Bogotá, (EFE).- El Ejército de Liberación Nacional (ELN), la segunda guerrilla de Colombia, negó hoy haber exhibido la pierna de un militar amputada por la explosión de una mina antipersona, acción que generó el rechazo en el país y la intensificación de las operaciones militares en contra del grupo rebelde.

ELN niega haber exhibido como trofeo la pierna amputada de un militar colombiano. El presidente colombiano, Juan Manuel Santos. EFE/Archivo.
ELN niega haber exhibido como trofeo la pierna amputada de un militar colombiano.
El presidente colombiano, Juan Manuel Santos.
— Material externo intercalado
lemma second_directional_derivative_mono:
  fixes f1 f2 :: "'a::euclidean_space \<Rightarrow> real"
  assumes V: "open V" "x \<in> V"
    and d1: "\<And>y. y \<in> V \<Longrightarrow> f1 differentiable (at y)"
    and d2: "\<And>y. y \<in> V \<Longrightarrow> f2 differentiable (at y)"
    and dd1: "(\<lambda>y. frechet_derivative f1 (at y) b) differentiable (at x)"
    and dd2: "(\<lambda>y. frechet_derivative f2 (at y) b) differentiable (at x)"
    and le: "\<And>y. y \<in> V \<Longrightarrow> f1 y \<le> f2 y" and eq: "f1 x = f2 x"
  shows "frechet_derivative (\<lambda>y. frechet_derivative f1 (at y) b) (at x) b
       \<le> frechet_derivative (\<lambda>y. frechet_derivative f2 (at y) b) (at x) b"
proof -
  define D1 where "D1 y = frechet_derivative f1 (at y) b" for y
  define D2 where "D2 y = frechet_derivative f2 (at y) b" for y
  obtain r where r: "r > 0" "\<And>t. \<bar>t\<bar> < r \<Longrightarrow> x + t *\<^sub>R b \<in> V"
    using open_contains_line_segment[OF V] by blast
  have "(D1 has_derivative frechet_derivative D1 (at x)) (at x)"
    "(D2 has_derivative frechet_derivative D2 (at x)) (at x)"
    using dd1 dd2 frechet_derivative_works unfolding D1_def[abs_def] D2_def[abs_def] by blast+
  then have D1': "((\<lambda>t. D1 (x + t *\<^sub>R b)) has_real_derivative frechet_derivative D1 (at x) b) (at 0)"
    and D2': "((\<lambda>t. D2 (x + t *\<^sub>R b)) has_real_derivative frechet_derivative D2 (at x) b) (at 0)"
    by (auto intro: has_real_derivative_along_line)
  have "frechet_derivative D2 (at x) b - frechet_derivative D1 (at x) b \<ge> 0"
  proof (rule local_min_imp_second_deriv_nonneg[OF r(1), where a = 0])
    show "(\<lambda>t. f2 (x + t *\<^sub>R b) - f1 (x + t *\<^sub>R b)) 0 \<le> f2 (x + t *\<^sub>R b) - f1 (x + t *\<^sub>R b)"
      if "\<bar>t - 0\<bar> < r" for t
      using le r(2) that eq by simp
    show "((\<lambda>t. f2 (x + t *\<^sub>R b) - f1 (x + t *\<^sub>R b)) has_real_derivative
        D2 (x + t *\<^sub>R b) - D1 (x + t *\<^sub>R b)) (at t)" if "\<bar>t - 0\<bar> < r" for t
      unfolding D1_def D2_def
      using that r(2) d1 d2
      by (intro DERIV_diff has_real_derivative_along_line frechet_derivative_works[THEN iffD1]) auto
  qed (rule DERIV_diff[OF D2' D1'])
  then show ?thesis unfolding D1_def D2_def by simp
qed

lemma laplacian_mono_at_touching:
  fixes f1 f2 :: "'a::euclidean_space \<Rightarrow> real"
  assumes A: "C2_on f1 A" and B: "C2_on f2 B" and x: "x \<in> A" "x \<in> B"
    and le: "\<And>y. y \<in> A \<inter> B \<Longrightarrow> f1 y \<le> f2 y" and eq: "f1 x = f2 x"
  shows "laplacian f1 x \<le> laplacian f2 x"
  unfolding laplacian_def
proof (rule sum_mono)
  fix b :: 'a
  show "frechet_derivative (\<lambda>y. frechet_derivative f1 (at y) b) (at x) b
      \<le> frechet_derivative (\<lambda>y. frechet_derivative f2 (at y) b) (at x) b"
    by (rule second_directional_derivative_mono[of "A \<inter> B"])
      (use A B x le eq in \<open>auto simp: C2_on_def\<close>)
qed

lemma fb_normal_rays:
  fixes f :: "'a::euclidean_space \<Rightarrow> real"
  assumes "fb_normal f x \<nu>"
  shows "\<exists>\<delta>>0. \<forall>s. 0 < s \<and> s < \<delta> \<longrightarrow> f (x + s *\<^sub>R \<nu>) > 0 \<and> f (x - s *\<^sub>R \<nu>) < 0"
proof -
  have n: "norm \<nu> = 1" and "\<nu> \<bullet> \<nu> = 1"
    using assms by (auto simp: fb_normal_def dot_square_norm)
  obtain \<delta> where "\<delta> > 0" and \<delta>: "\<forall>y\<in>ball x \<delta>.
      ((y - x) \<bullet> \<nu> > 1/2 * norm (y - x) \<longrightarrow> f y > 0) \<and>
      ((y - x) \<bullet> \<nu> < - (1/2) * norm (y - x) \<longrightarrow> f y < 0)"
    using conjunct2[OF assms[unfolded fb_normal_def], rule_format, of "1/2"] by auto
  have "f (x + s *\<^sub>R \<nu>) > 0 \<and> f (x - s *\<^sub>R \<nu>) < 0" if "0 < s" "s < \<delta>" for s
  proof -
    have "x + s *\<^sub>R \<nu> \<in> ball x \<delta>" "x - s *\<^sub>R \<nu> \<in> ball x \<delta>"
      using that n by (auto simp: dist_norm)
    then show ?thesis
      using \<delta> \<open>0 < s\<close> n \<open>\<nu> \<bullet> \<nu> = 1\<close> by auto
  qed
  then show ?thesis
    using \<open>\<delta> > 0\<close> by blast
qed

text \<open>At a common zero of f1 \<le> f2 the normals must agree: otherwise a point slightly beyond
  x in direction \<nu>1 - \<nu>2 lies in the positive cone of f1 and the negative cone of f2.\<close>
lemma fb_normal_unique_of_le:
  fixes f1 f2 :: "'a::euclidean_space \<Rightarrow> real"
  assumes n1: "fb_normal f1 x \<nu>1" and n2: "fb_normal f2 x \<nu>2" and r: "r > 0"
    and le: "\<And>y. y \<in> ball x r \<Longrightarrow> f1 y \<le> f2 y"
  shows "\<nu>1 = \<nu>2"
proof (rule ccontr)
  assume "\<nu>1 \<noteq> \<nu>2"
  define d where "d = \<nu>1 - \<nu>2"
  define m where "m = norm d"
  have m: "m > 0" using \<open>\<nu>1 \<noteq> \<nu>2\<close> by (simp add: m_def d_def)
  have u1: "\<nu>1 \<bullet> \<nu>1 = 1" and u2: "\<nu>2 \<bullet> \<nu>2 = 1"
    using n1 n2 unfolding fb_normal_def by (auto simp: dot_square_norm)
  have "m\<^sup>2 = 2 - 2 * (\<nu>1 \<bullet> \<nu>2)"
    unfolding m_def d_def power2_norm_eq_inner
    by (simp add: inner_diff_left inner_diff_right u1 u2 inner_commute)
  then have "\<nu>1 \<bullet> \<nu>2 = 1 - m\<^sup>2 / 2" by linarith
  then have dv1: "d \<bullet> \<nu>1 = m\<^sup>2 / 2" and dv2: "d \<bullet> \<nu>2 = - (m\<^sup>2 / 2)"
    using u1 u2 by (auto simp: d_def inner_diff_left inner_commute[of \<nu>2 \<nu>1])
  obtain \<delta>1 where "\<delta>1 > 0" and \<delta>1: "\<forall>y\<in>ball x \<delta>1. (y - x) \<bullet> \<nu>1 > m / 4 * norm (y - x) \<longrightarrow> f1 y > 0"
    using conjunct2[OF n1[unfolded fb_normal_def], rule_format, of "m/4"] m by auto
  obtain \<delta>2 where "\<delta>2 > 0" and \<delta>2: "\<forall>y\<in>ball x \<delta>2. (y - x) \<bullet> \<nu>2 < - (m / 4) * norm (y - x) \<longrightarrow> f2 y < 0"
    using conjunct2[OF n2[unfolded fb_normal_def], rule_format, of "m/4"] m by auto
  define t where "t = min r (min \<delta>1 \<delta>2) / (2 * m)"
  have t: "t > 0" using \<open>\<delta>1 > 0\<close> \<open>\<delta>2 > 0\<close> r m by (simp add: t_def)
  define y where "y = x + t *\<^sub>R d"
  have ny: "norm (y - x) = t * m" using t by (simp add: y_def m_def)
  have "t * m = min r (min \<delta>1 \<delta>2) / 2" using m by (simp add: t_def)
  then have y: "y \<in> ball x r" "y \<in> ball x \<delta>1" "y \<in> ball x \<delta>2"
    using ny \<open>\<delta>1 > 0\<close> \<open>\<delta>2 > 0\<close> r by (auto simp: dist_norm norm_minus_commute)
  have small: "m / 4 * norm (y - x) < t * (m\<^sup>2 / 2)"
    using t m by (simp add: ny power2_eq_square)
  have "(y - x) \<bullet> \<nu>1 = t * (m\<^sup>2 / 2)" "(y - x) \<bullet> \<nu>2 = - (t * (m\<^sup>2 / 2))"
    using dv1 dv2 by (simp_all add: y_def)
  then have "f1 y > 0" "f2 y < 0"
    using \<delta>1[rule_format, OF y(2)] \<delta>2[rule_format, OF y(3)] small by linarith+
  with le[OF y(1)] show False by simp
qed

lemma tendsto_difference_quotient_gradient:
  fixes f :: "'a::euclidean_space \<Rightarrow> real"
  assumes cont: "continuous_on (closure U) f"
    and G: "continuous_on (closure U) G" and der: "\<And>y. y \<in> U \<Longrightarrow> (f has_derivative (\<lambda>h. G y \<bullet> h)) (at y)"
    and f0: "f x = 0" and \<delta>: "\<delta> > 0" and ray: "\<And>s. 0 < s \<Longrightarrow> s < \<delta> \<Longrightarrow> x + s *\<^sub>R d \<in> U"
  shows "((\<lambda>t. f (x + t *\<^sub>R d) / t) \<longlongrightarrow> G x \<bullet> d) (at_right 0)"
proof -
  have ray_ev: "\<forall>\<^sub>F s in at_right 0. x + s *\<^sub>R d \<in> U"
    unfolding eventually_at_right_field using \<delta> ray by blast
  have "((\<lambda>s. x + s *\<^sub>R d) \<longlongrightarrow> x) (at_right 0)"
    by (auto intro!: tendsto_eq_intros)
  then have x: "x \<in> closure U"
    using ray_ev by (intro Lim_in_closed_set[of _ "\<lambda>s. x + s *\<^sub>R d" "at_right 0"])
      (auto elim: eventually_mono intro: closure_subset[THEN subsetD])
  have "\<exists>\<xi>. 0 < \<xi> \<and> \<xi> < t \<and> f (x + t *\<^sub>R d) / t = G (x + \<xi> *\<^sub>R d) \<bullet> d"
    if t: "0 < t" "t < \<delta>" for t
  proof -
    have "x + s *\<^sub>R d \<in> closure U" if "s \<in> {0..t}" for s
      using that t x by (cases "s = 0") (auto intro!: closure_subset[THEN subsetD] ray)
    moreover have "continuous_on {0..t} (\<lambda>s. x + s *\<^sub>R d)"
      by (intro continuous_intros)
    ultimately have "continuous_on {0..t} (\<lambda>s. f (x + s *\<^sub>R d))"
      using continuous_on_compose2[OF cont] by blast
    moreover have "((\<lambda>s. f (x + s *\<^sub>R d)) has_real_derivative G (x + s *\<^sub>R d) \<bullet> d) (at s)"
      if "0 < s" "s < t" for s
      using that t by (intro has_real_derivative_along_line der ray) auto
    ultimately obtain \<xi> where "0 < \<xi>" "\<xi> < t"
      "f (x + t *\<^sub>R d) - f (x + 0 *\<^sub>R d) = G (x + \<xi> *\<^sub>R d) \<bullet> d * (t - 0)"
      using mvt[OF t(1), of "\<lambda>s. f (x + s *\<^sub>R d)" "\<lambda>s. (*) (G (x + s *\<^sub>R d) \<bullet> d)"]
      unfolding has_field_derivative_def by blast
    then show ?thesis using t f0 by auto
  qed
  then obtain \<xi> where \<xi>: "\<And>t. 0 < t \<Longrightarrow> t < \<delta> \<Longrightarrow> 0 < \<xi> t \<and> \<xi> t < t \<and> f (x + t *\<^sub>R d) / t = G (x + \<xi> t *\<^sub>R d) \<bullet> d"
    by metis
  have ev: "\<forall>\<^sub>F t in at_right 0. t < \<delta> \<and> 0 < \<xi> t \<and> \<xi> t < t \<and> f (x + t *\<^sub>R d) / t = G (x + \<xi> t *\<^sub>R d) \<bullet> d"
    unfolding eventually_at_right_field using \<delta> \<xi> by blast
  have "(\<xi> \<longlongrightarrow> 0) (at_right 0)"
    by (rule tendsto_sandwich[of "\<lambda>_. 0" _ _ "\<lambda>t. t"]) (use ev in \<open>auto elim: eventually_mono\<close>)
  then have "((\<lambda>t. x + \<xi> t *\<^sub>R d) \<longlongrightarrow> x) (at_right 0)"
    by (auto intro!: tendsto_eq_intros)
  moreover have "\<forall>\<^sub>F t in at_right 0. x + \<xi> t *\<^sub>R d \<in> closure U"
    using ev by eventually_elim (auto intro!: closure_subset[THEN subsetD] ray)
  ultimately have "((\<lambda>t. G (x + \<xi> t *\<^sub>R d) \<bullet> d) \<longlongrightarrow> G x \<bullet> d) (at_right 0)"
    by (intro tendsto_inner continuous_on_tendsto_compose[OF G] x tendsto_const)
  then show ?thesis
    by (rule Lim_transform_eventually) (use ev in \<open>auto elim: eventually_mono\<close>)
qed

lemma side_deriv_eqI:
  fixes f :: "'a::euclidean_space \<Rightarrow> real"
  assumes G0: "continuous_on (closure U) G0" "\<forall>y\<in>U. (f has_derivative (\<lambda>h. G0 y \<bullet> h)) (at y)"
    and unique: "\<And>G. continuous_on (closure U) G \<Longrightarrow> \<forall>y\<in>U. (f has_derivative (\<lambda>h. G y \<bullet> h)) (at y)
      \<Longrightarrow> G x \<bullet> v = G0 x \<bullet> v"
  shows "side_deriv f U x v = G0 x \<bullet> v"
  unfolding side_deriv_def
proof (rule the_equality)
  show "\<exists>G. continuous_on (closure U) G \<and> (\<forall>y\<in>U. (f has_derivative (\<lambda>h. G y \<bullet> h)) (at y))
      \<and> G0 x \<bullet> v = G x \<bullet> v"
    using G0 by blast
next
  fix e assume "\<exists>G. continuous_on (closure U) G \<and> (\<forall>y\<in>U. (f has_derivative (\<lambda>h. G y \<bullet> h)) (at y))
      \<and> e = G x \<bullet> v"
  then obtain G where "continuous_on (closure U) G" "\<forall>y\<in>U. (f has_derivative (\<lambda>h. G y \<bullet> h)) (at y)"
    and "e = G x \<bullet> v"
    by blast
  then show "e = G0 x \<bullet> v"
    using unique by simp
qed

lemma tendsto_side_deriv:
  fixes f :: "'a::euclidean_space \<Rightarrow> real"
  assumes C1: "C1_closure f U" and f0: "f x = 0"
    and \<delta>: "\<delta> > 0" and ray: "\<And>s. 0 < s \<Longrightarrow> s < \<delta> \<Longrightarrow> x + s *\<^sub>R d \<in> U"
  shows "((\<lambda>t. f (x + t *\<^sub>R d) / t) \<longlongrightarrow> side_deriv f U x d) (at_right 0)"
    and "side_deriv f U x (- d) = - side_deriv f U x d"
proof -
  have cont: "continuous_on (closure U) f"
    using C1 by (simp add: C1_closure_def)
  obtain G0 where G0: "continuous_on (closure U) G0" "\<forall>y\<in>U. (f has_derivative (\<lambda>h. G0 y \<bullet> h)) (at y)"
    using C1 unfolding C1_closure_def by blast
  have lim: "((\<lambda>t. f (x + t *\<^sub>R d) / t) \<longlongrightarrow> G x \<bullet> d) (at_right 0)"
    if "continuous_on (closure U) G" "\<forall>y\<in>U. (f has_derivative (\<lambda>h. G y \<bullet> h)) (at y)" for G
    by (rule tendsto_difference_quotient_gradient[OF cont that(1) _ f0 \<delta> ray]) (use that(2) in blast)
  text \<open>The gradient extension G need not be unique on the boundary, but G x \<bullet> d is.\<close>
  have unique: "G x \<bullet> d = G0 x \<bullet> d"
    if "continuous_on (closure U) G" "\<forall>y\<in>U. (f has_derivative (\<lambda>h. G y \<bullet> h)) (at y)" for G
    using tendsto_unique[OF trivial_limit_at_right_real lim[OF that] lim[OF G0]] .
  have "side_deriv f U x d = G0 x \<bullet> d"
    by (rule side_deriv_eqI[OF G0]) (rule unique)
  moreover have "side_deriv f U x (- d) = G0 x \<bullet> - d"
    by (rule side_deriv_eqI[OF G0]) (simp add: unique)
  ultimately show "((\<lambda>t. f (x + t *\<^sub>R d) / t) \<longlongrightarrow> side_deriv f U x d) (at_right 0)"
    and "side_deriv f U x (- d) = - side_deriv f U x d"
    using lim[OF G0] by simp_all
qed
EFE/Archivo.

“Es política del ELN hacer pública la responsabilidad de cada una de sus acciones, en este caso desmentimos enfáticamente que este tipo de hechos sean obra nuestra”, afirmó el ELN en un comunicado.

Con esta declaración los subversivos niegan por primera vez de forma rotunda la versión de la Defensoría del Pueblo, que les señaló el jueves como responsables de haber colgado “como trofeo” una pierna del cabo del Ejército Eduardo Alfonso Ávila Romero en un colegio del municipio de Convención, departamento de Norte de Santander (noreste).

En su primera reacción, emitida el viernes, el grupo armado especificó que hasta ese momento no tenían “un comunicado oficial o parte de guerra” de sus frentes en Norte de Santander que se atribuyeran la exhibición de la pierna, algo que sin embargo no negaron directamente.

De hecho, indicaron que “si en algún momento” recibían datos que corroboraran la versión de la Defensoría los compartirían con la opinión pública.

Hoy, en el comunicado en el que exponen las conclusiones de su investigación interna, sostuvieron que la acusación en su contra obedece a intentos de “deslegitimar la insurgencia y cerrarle la puerta al diálogo como parte del proceso de paz”.

El ELN mantiene desde enero de 2014 diálogos exploratorios con el Gobierno de Juan Manuel Santos para abrir un proceso de paz análogo al que el Ejecutivo y las FARC desarrollan en La Habana desde noviembre de 2012.

Sin embargo, el suceso de Convención ha provocado que las voces críticas con estos acercamientos se elevaran, como la del expresidente Álvaro Uribe (2002-2010), quien afirmó que el Gobierno “no puede” seguir dialogando con el ELN.

A estas declaraciones se suma la condena unánime de sectores políticos y judiciales, además del rechazo de la sociedad.

Tras conocer lo ocurrido, Santos ordenó intensificar las operaciones militares contra la guerrilla, que reiteró hoy en su comunicado la necesidad de declarar un alto el fuego bilateral.